**EXERCISE REQUIREMENTS:**
Everything from the line with "du x differentiable (at z) \<and>" to the end of the data should be restated word for word, and nothing before it.
-- Opening Marker --
text \<open>The residue map \<open>i \<mapsto> i mod n\<close> from the polymer graph to the star-linking graph
  is a covering map: it sends the neighbour multiset of every polymer node onto the neighbour
  multiset of its image, the bonds between consecutive monomers landing on the linking edge
  between atoms \<open>0\<close> and \<open>n - 1\<close>. Message passing and nodewise layers commute with pulling features back
  along a covering map, so at every layer the polymer features are the periodic pullback of the
  star features, and the mean over one period equals the mean over the star graph.\<close>

lemma nbrs_set_conv_Image:
  "nbrs_set Ed v = mset_set (Ed `` {v}) + mset_set (Ed\<inverse> `` {v})"
proof -
  have "image_mset snd (mset_set {e \<in> Ed. fst e = v}) = mset_set (Ed `` {v})"
    by (subst image_mset_mset_set)
      (auto simp: inj_on_def image_iff intro!: arg_cong[where f = mset_set])
  moreover have "image_mset fst (mset_set {e \<in> Ed. snd e = v}) = mset_set (Ed\<inverse> `` {v})"
    by (subst image_mset_mset_set)
      (auto simp: inj_on_def image_iff intro!: arg_cong[where f = mset_set])
  ultimately show ?thesis
    unfolding nbrs_set_def by simp
qed

lemma nbrs_mset_add: "nbrs_mset (A + B) v = nbrs_mset A v + nbrs_mset B v"
  by (simp add: nbrs_mset_def)

lemma nbrs_mset_mset_set: "finite Ed \<Longrightarrow> nbrs_mset (mset_set Ed) = nbrs_set Ed"
  by (simp add: nbrs_mset_def nbrs_set_def fun_eq_iff)

lemma nbrs_mset_single:
  "nbrs_mset {#(a, b)#} v = (if a = v then {#b#} else {#}) + (if b = v then {#a#} else {#})"
  by (simp add: nbrs_mset_def)

lemma apply_layer_covering:
  assumes "\<And>v. image_mset p (N v) = N' (p v)"
  shows "apply_layer N l (X \<circ> p) = apply_layer N' l X \<circ> p"
  by (cases l) (simp_all add: fun_eq_iff flip: assms multiset.map_comp)

lemma run_layers_covering:
  assumes "\<And>v. image_mset p (N v) = N' (p v)"
  shows "run_layers N ls (X \<circ> p) = run_layers N' ls X \<circ> p"
  by (induction ls arbitrary: X) (simp_all add: apply_layer_covering[of p N N', OF assms])

definition monomer_atom :: "nat \<Rightarrow> int \<Rightarrow> nat" where
  "monomer_atom n i = nat (i mod int n)"

lemma monomer_atom_of_nat: "j < n \<Longrightarrow> monomer_atom n (int j) = j"
  by (simp add: monomer_atom_def zmod_int)

lemma div_mult_add_monomer_atom: "0 < n \<Longrightarrow> i div int n * int n + int (monomer_atom n i) = i"
  by (simp add: monomer_atom_def)

lemma monomer_atom_block: "b < n \<Longrightarrow> monomer_atom n (k * int n + int b) = b"
  by (simp add: monomer_atom_def)

lemma mem_polymer_edges_iff:
  assumes "0 < n" and "E \<subseteq> {..<n} \<times> {..<n}"
  shows "(x, y) \<in> polymer_edges n E \<longleftrightarrow>
    x div int n = y div int n \<and> (monomer_atom n x, monomer_atom n y) \<in> E
    \<or> y = x + 1 \<and> y mod int n = 0"
proof
  assume "(x, y) \<in> polymer_edges n E"
  then consider (bond) k a b where "(a, b) \<in> E" "x = k * int n + int a" "y = k * int n + int b"
    | (link) k where "x = k * int n - 1" "y = k * int n"
    unfolding polymer_edges_def by blast
  then show "x div int n = y div int n \<and> (monomer_atom n x, monomer_atom n y) \<in> E
    \<or> y = x + 1 \<and> y mod int n = 0"
  proof cases
    case bond
    with assms(2) have "a < n" "b < n" by auto
    with bond show ?thesis by (simp add: monomer_atom_block)
  next
    case link
    then show ?thesis by simp
  qed
next
  assume "x div int n = y div int n \<and> (monomer_atom n x, monomer_atom n y) \<in> E
    \<or> y = x + 1 \<and> y mod int n = 0"
  then show "(x, y) \<in> polymer_edges n E"
  proof
    assume "x div int n = y div int n \<and> (monomer_atom n x, monomer_atom n y) \<in> E"
    then have "(x, y) = (x div int n * int n + int (monomer_atom n x),
                         x div int n * int n + int (monomer_atom n y))
        \<and> (monomer_atom n x, monomer_atom n y) \<in> E"
      by (metis div_mult_add_monomer_atom[OF assms(1)])
    then show ?thesis
      unfolding polymer_edges_def by blast
  next
    assume "y = x + 1 \<and> y mod int n = 0"
    then have "(x, y) = (y div int n * int n - 1, y div int n * int n)"
      by (metis add_diff_cancel_right' add.right_neutral div_mult_mod_eq)
    then show ?thesis
      unfolding polymer_edges_def by blast
  qed
qed
(* Let $U\subset\mathbb{C}$ be simply connected and let $F,G$ be holomorphic and nowhere zero on $U$. Then $\mathbf{x}(z)=\mathrm{Re}\int_{z_0}^z(F,-\mathrm{i}F,-F/G)\,\mathrm{d}w$ is an admissible, conformal ($g_{ij}=|F|^2\delta_{ij}$), simply isotropic minimal immersion. Its parabolic normal is $$\xi=\Big(\mathrm{Re}\frac{G}{|G|^2},\ \mathrm{Im}\frac{G}{|G|^2},\ \frac12-\frac{1}{2|G|^2}\Big)\in\Sigma^2,$$ and $\pi(\xi)=G$.
   Context: $\mathbb{I}^3$ is $\mathbb{R}^3$ with the degenerate metric $\langle a,b\rangle=a^1b^1+a^2b^2$. A surface is admissible if none of its tangent planes contains $(0,0,1)$, and minimal if its isotropic mean curvature vanishes. The minimal normal $\mathbf{N}_m$ is the unique vector of the form $(a,b,1)$ Euclidean-orthogonal to the tangent plane. Writing $\tilde{\mathbf{N}}_m=(a,b,0)$ for its top view, the parabolic normal is $\xi=\tilde{\mathbf{N}}_m+\frac12(1-a^2-b^2)(0,0,1)$. It takes values in $\Sigma^2=\{z=\frac12-\frac12(x^2+y^2)\}$. The parabolic stereographic projection is $\pi(p_1,p_2,p_3)=\frac{1}{p_1^2+p_2^2}(p_1,p_2)\equiv\frac{p_1+\mathrm{i}p_2}{p_1^2+p_2^2}\in\mathbb{C}$, defined on $\Sigma^2\setminus\{(0,0,\frac12)\}$. *)

theory Defs
  imports "HOL-Complex_Analysis.Complex_Analysis"
begin

text \<open>Surfaces in the simply isotropic space I^3 = R^3 with degenerate metric
  a1 b1 + a2 b2, parametrized by z = u + i v in an open subset of the complex plane.\<close>

definition iso_inner :: "real^3 \<Rightarrow> real^3 \<Rightarrow> real" where
  "iso_inner a b = a$1 * b$1 + a$2 * b$2"

definition e3 :: "real^3" where
  "e3 = vector [0, 0, 1]"

definition du :: "(complex \<Rightarrow> real^3) \<Rightarrow> complex \<Rightarrow> real^3" where
  "du x z = vector_derivative (\<lambda>t::real. x (z + of_real t)) (at 0)"

definition dv :: "(complex \<Rightarrow> real^3) \<Rightarrow> complex \<Rightarrow> real^3" where
  "dv x z = vector_derivative (\<lambda>t::real. x (z + \<i> * of_real t)) (at 0)"

definition immersion :: "complex set \<Rightarrow> (complex \<Rightarrow> real^3) \<Rightarrow> bool" where
  "immersion U x \<longleftrightarrow> (\<forall>z\<in>U. x differentiable (at z) \<and> du x differentiable (at z) \<and>
      dv x differentiable (at z) \<and>
      (\<forall>a b::real. a *\<^sub>R du x z + b *\<^sub>R dv x z = 0 \<longrightarrow> a = 0 \<and> b = 0))"

definition admissible :: "complex set \<Rightarrow> (complex \<Rightarrow> real^3) \<Rightarrow> bool" where
  "admissible U x \<longleftrightarrow> (\<forall>z\<in>U. e3 \<notin> span {du x z, dv x z})"

definition minimal_normal :: "(complex \<Rightarrow> real^3) \<Rightarrow> complex \<Rightarrow> real^3" where
  "minimal_normal x z = (THE n. n$3 = 1 \<and> n \<bullet> du x z = 0 \<and> n \<bullet> dv x z = 0)"

definition iso_mean_curvature :: "(complex \<Rightarrow> real^3) \<Rightarrow> complex \<Rightarrow> real" where
  "iso_mean_curvature x z =
    (let E = iso_inner (du x z) (du x z); F = iso_inner (du x z) (dv x z);
         G = iso_inner (dv x z) (dv x z); Nm = minimal_normal x z;
         L = du (du x) z \<bullet> Nm; M = dv (du x) z \<bullet> Nm; N = dv (dv x) z \<bullet> Nm
     in (E * N - 2 * F * M + G * L) / (2 * (E * G - F\<^sup>2)))"

definition iso_minimal :: "complex set \<Rightarrow> (complex \<Rightarrow> real^3) \<Rightarrow> bool" where
  "iso_minimal U x \<longleftrightarrow> (\<forall>z\<in>U. iso_mean_curvature x z = 0)"

definition parabolic_normal :: "(complex \<Rightarrow> real^3) \<Rightarrow> complex \<Rightarrow> real^3" where
  "parabolic_normal x z =
    (let n = minimal_normal x z in vector [n$1, n$2, (1 - (n$1)\<^sup>2 - (n$2)\<^sup>2) / 2])"

definition Sigma2 :: "(real^3) set" where
  "Sigma2 = {p. p$3 = 1/2 - ((p$1)\<^sup>2 + (p$2)\<^sup>2) / 2}"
-- Closing Marker --
**RESULT OF THE TASK:**
  "immersion U x \<longleftrightarrow> (\<forall>z\<in>U. x differentiable (at z) \<and> du x differentiable (at z) \<and>
      dv x differentiable (at z) \<and>
      (\<forall>a b::real. a *\<^sub>R du x z + b *\<^sub>R dv x z = 0 \<longrightarrow> a = 0 \<and> b = 0))"

definition admissible :: "complex set \<Rightarrow> (complex \<Rightarrow> real^3) \<Rightarrow> bool" where
  "admissible U x \<longleftrightarrow> (\<forall>z\<in>U. e3 \<notin> span {du x z, dv x z})"

definition minimal_normal :: "(complex \<Rightarrow> real^3) \<Rightarrow> complex \<Rightarrow> real^3" where
  "minimal_normal x z = (THE n. n$3 = 1 \<and> n \<bullet> du x z = 0 \<and> n \<bullet> dv x z = 0)"

definition iso_mean_curvature :: "(complex \<Rightarrow> real^3) \<Rightarrow> complex \<Rightarrow> real" where
  "iso_mean_curvature x z =
    (let E = iso_inner (du x z) (du x z); F = iso_inner (du x z) (dv x z);
         G = iso_inner (dv x z) (dv x z); Nm = minimal_normal x z;
         L = du (du x) z \<bullet> Nm; M = dv (du x) z \<bullet> Nm; N = dv (dv x) z \<bullet> Nm
     in (E * N - 2 * F * M + G * L) / (2 * (E * G - F\<^sup>2)))"

definition iso_minimal :: "complex set \<Rightarrow> (complex \<Rightarrow> real^3) \<Rightarrow> bool" where
  "iso_minimal U x \<longleftrightarrow> (\<forall>z\<in>U. iso_mean_curvature x z = 0)"

definition parabolic_normal :: "(complex \<Rightarrow> real^3) \<Rightarrow> complex \<Rightarrow> real^3" where
  "parabolic_normal x z =
    (let n = minimal_normal x z in vector [n$1, n$2, (1 - (n$1)\<^sup>2 - (n$2)\<^sup>2) / 2])"

definition Sigma2 :: "(real^3) set" where
  "Sigma2 = {p. p$3 = 1/2 - ((p$1)\<^sup>2 + (p$2)\<^sup>2) / 2}"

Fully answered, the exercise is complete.